Using the material below, copy every line where "both" appears.

### Material shown
::::
lemma weighted_edge_eq:
  assumes "a \<in> t_nodes G" "b \<in> t_nodes G"
    and eq: "\<And>c. wa * node_tensor G a c = wb * node_tensor G b c"
    and "wa = 0 \<Longrightarrow> a = the_terminal" "wb = 0 \<Longrightarrow> b = the_terminal"
    and inj: "node_tensor G a = node_tensor G b \<Longrightarrow> a = b"
  shows "wa = wb \<and> a = b"
  using scaled_node_tensors_eq[OF assms(1,2) eq] assms(4-6) by auto

text \<open>If the tensor of v did not depend on its index, both cofactors would equal it, so by
  normality both weights are 1 and both children have the same tensor: RR3 would apply.\<close>
lemma node_tensor_depends_on_index:
  assumes v: "v \<in> nonterms G"
    and children_inj: "node_tensor G (t_low G v) = node_tensor G (t_high G v) \<Longrightarrow> t_low G v = t_high G v"
  shows "\<not> indep_of (node_tensor G v) (t_idx G v)"
proof
  assume indep: "indep_of (node_tensor G v) (t_idx G v)"
  have v_node: "v \<in> t_nodes G" by (rule nontermsD(1)[OF v])
  have low: "1 * node_tensor G v c = t_wlow G v * node_tensor G (t_low G v) c"
    and high: "1 * node_tensor G v c = t_whigh G v * node_tensor G (t_high G v) c" for c
    using indep node_tensor_cofactors[OF dag ordered v, of c] by (simp_all add: indep_of_def)
  have "t_wlow G v = 1" "t_whigh G v = 1"
    using scaled_node_tensors_eq[OF v_node tdd_dag_nodes(4)[OF dag v] low]
      scaled_node_tensors_eq[OF v_node tdd_dag_nodes(5)[OF dag v] high] by simp_all
  moreover have "node_tensor G (t_low G v) = node_tensor G (t_high G v)"
    using low high calculation by (simp add: fun_eq_iff)
  ultimately show False using no_redundant_unit_node[OF v] children_inj by blast
qed

lemma same_index_nodes_eq:
  assumes u: "u \<in> nonterms G" and v: "v \<in> nonterms G" and idx: "t_idx G u = t_idx G v"
    and eq: "node_tensor G u = node_tensor G v"
    and low_inj: "node_tensor G (t_low G u) = node_tensor G (t_low G v) \<Longrightarrow> t_low G u = t_low G v"
    and high_inj: "node_tensor G (t_high G u) = node_tensor G (t_high G v) \<Longrightarrow> t_high G u = t_high G v"
  shows "u = v"
proof -
  have "t_wlow G u = t_wlow G v \<and> t_low G u = t_low G v"
    using weighted_edge_eq[OF tdd_dag_nodes(4)[OF dag u] tdd_dag_nodes(4)[OF dag v] _
        zero_edges_to_terminal(2)[OF u] zero_edges_to_terminal(2)[OF v] low_inj]
      node_tensor_cofactors(1)[OF dag ordered u] node_tensor_cofactors(1)[OF dag ordered v] eq idx
    by metis
  moreover have "t_whigh G u = t_whigh G v \<and> t_high G u = t_high G v"
    using weighted_edge_eq[OF tdd_dag_nodes(5)[OF dag u] tdd_dag_nodes(5)[OF dag v] _
        zero_edges_to_terminal(3)[OF u] zero_edges_to_terminal(3)[OF v] high_inj]
      node_tensor_cofactors(2)[OF dag ordered u] node_tensor_cofactors(2)[OF dag ordered v] eq idx
    by metis
  ultimately show ?thesis using no_duplicate_nodes[OF u v idx] by blast
qed

lemma node_tensor_inj:
  assumes "u \<in> t_nodes G" "v \<in> t_nodes G" "node_tensor G u = node_tensor G v"
  shows "u = v"
  using assms
proof (induction "max (card (descendants G u)) (card (descendants G v))" arbitrary: u v rule: less_induct)
  case less
  have child_inj: "a = b"
    if "a \<in> t_nodes G" "b \<in> t_nodes G" "node_tensor G a = node_tensor G b"
      "(w, a) \<in> succ_rel G" "(w', b) \<in> succ_rel G" "w \<in> {u, v}" "w' \<in> {u, v}" for a b w w'
    using less.hyps[OF _ that(1-3)] card_descendants_less[OF dag that(4)]
      card_descendants_less[OF dag that(5)] that(6,7) by fastforce
  have not_indep: "\<not> indep_of (node_tensor G w) (t_idx G w)" if "w \<in> nonterms G" "w \<in> {u, v}" for w
    using node_tensor_depends_on_index[OF that(1)] child_inj tdd_dag_nodes(4,5)[OF dag that(1)]
      succ_rel_low[OF that(1)] succ_rel_high[OF that(1)] that(2) by blast
  have smaller_index: False
    if "w \<in> nonterms G" "w \<in> {u, v}" "w' \<in> t_nodes G" "w' \<in> nonterms G \<Longrightarrow> t_idx G w < t_idx G w'"
      "node_tensor G w = node_tensor G w'" for w w'
    using not_indep[OF that(1,2)] node_tensor_indep_of[OF dag ordered that(3,4)] that(5) by simp
  consider "u \<in> t_terms G" "v \<in> t_terms G"
    | "u \<in> nonterms G" "v \<in> t_nodes G" "v \<in> nonterms G \<Longrightarrow> t_idx G u < t_idx G v"
    | "v \<in> nonterms G" "u \<in> t_nodes G" "u \<in> nonterms G \<Longrightarrow> t_idx G v < t_idx G u"
    | "u \<in> nonterms G" "v \<in> nonterms G" "t_idx G u = t_idx G v"
    using less.prems(1,2) nontermsI by (metis linorder_neqE)
  then show ?case
  proof cases
    case 1
    then show ?thesis using terminals_eq by simp
  next
    case 2
    then show ?thesis using smaller_index[of u v] less.prems(3) by simp
  next
    case 3
    then show ?thesis using smaller_index[of v u] less.prems(3) by simp
  next
    case 4
    then show ?thesis
      using same_index_nodes_eq[OF 4 less.prems(3)] child_inj tdd_dag_nodes(4,5)[OF dag]
        succ_rel_low succ_rel_high
      by (meson insertI1 insertI2 singletonI)
  qed
qed

lemma reduced: "reduced_tdd G"
  unfolding reduced_tdd_def
  using normal node_tensor_nonzero terminals_eq the_terminal_value zero_edges_to_terminal
    node_tensor_inj
  by blast

lemma is_tdd: "is_tdd G"
  using dag all_reachable by (simp add: is_tdd_iff)

end

theorem theorem5:
  fixes F :: "('v, 'i::{finite,linorder}) tdd"
  assumes "is_tdd F" and "ordered_tdd F" and "normal_tdd F"
  shows "(\<forall>G. rr_step F G \<longrightarrow> tdd_tensor G = tdd_tensor F)
       \<and> (\<forall>G. rr_step\<^sup>*\<^sup>* F G \<and> \<not> (\<exists>H. rr_step G H) \<longrightarrow>
             is_tdd G \<and> ordered_tdd G \<and> reduced_tdd G \<and> tdd_tensor G = tdd_tensor F)"
proof (rule conjI; intro allI impI)
  have inv: "normal_ordered_dag F"
    using assms by (simp add: normal_ordered_dag_def is_tdd_iff)
  show "tdd_tensor G = tdd_tensor F" if "rr_step F G" for G
    using rr_step_sound[OF inv that] by simp
  fix G assume steps: "rr_step\<^sup>*\<^sup>* F G \<and> \<not> (\<exists>H. rr_step G H)"
  have G: "normal_ordered_dag G \<and> tdd_tensor G = tdd_tensor F"
    using rr_steps_sound[OF conjunct1[OF steps] inv] .
  then have "irreducible_tdd G"
    unfolding irreducible_tdd_def using steps by blast
  with G show "is_tdd G \<and> ordered_tdd G \<and> reduced_tdd G \<and> tdd_tensor G = tdd_tensor F"
    using irreducible_tdd.reduced irreducible_tdd.is_tdd irreducible_tdd.ordered by blast
qed

end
::::
### Answer box
text \<open>If the tensor of v did not depend on its index, both cofactors would equal it, so by
  normality both weights are 1 and both children have the same tensor: RR3 would apply.\<close>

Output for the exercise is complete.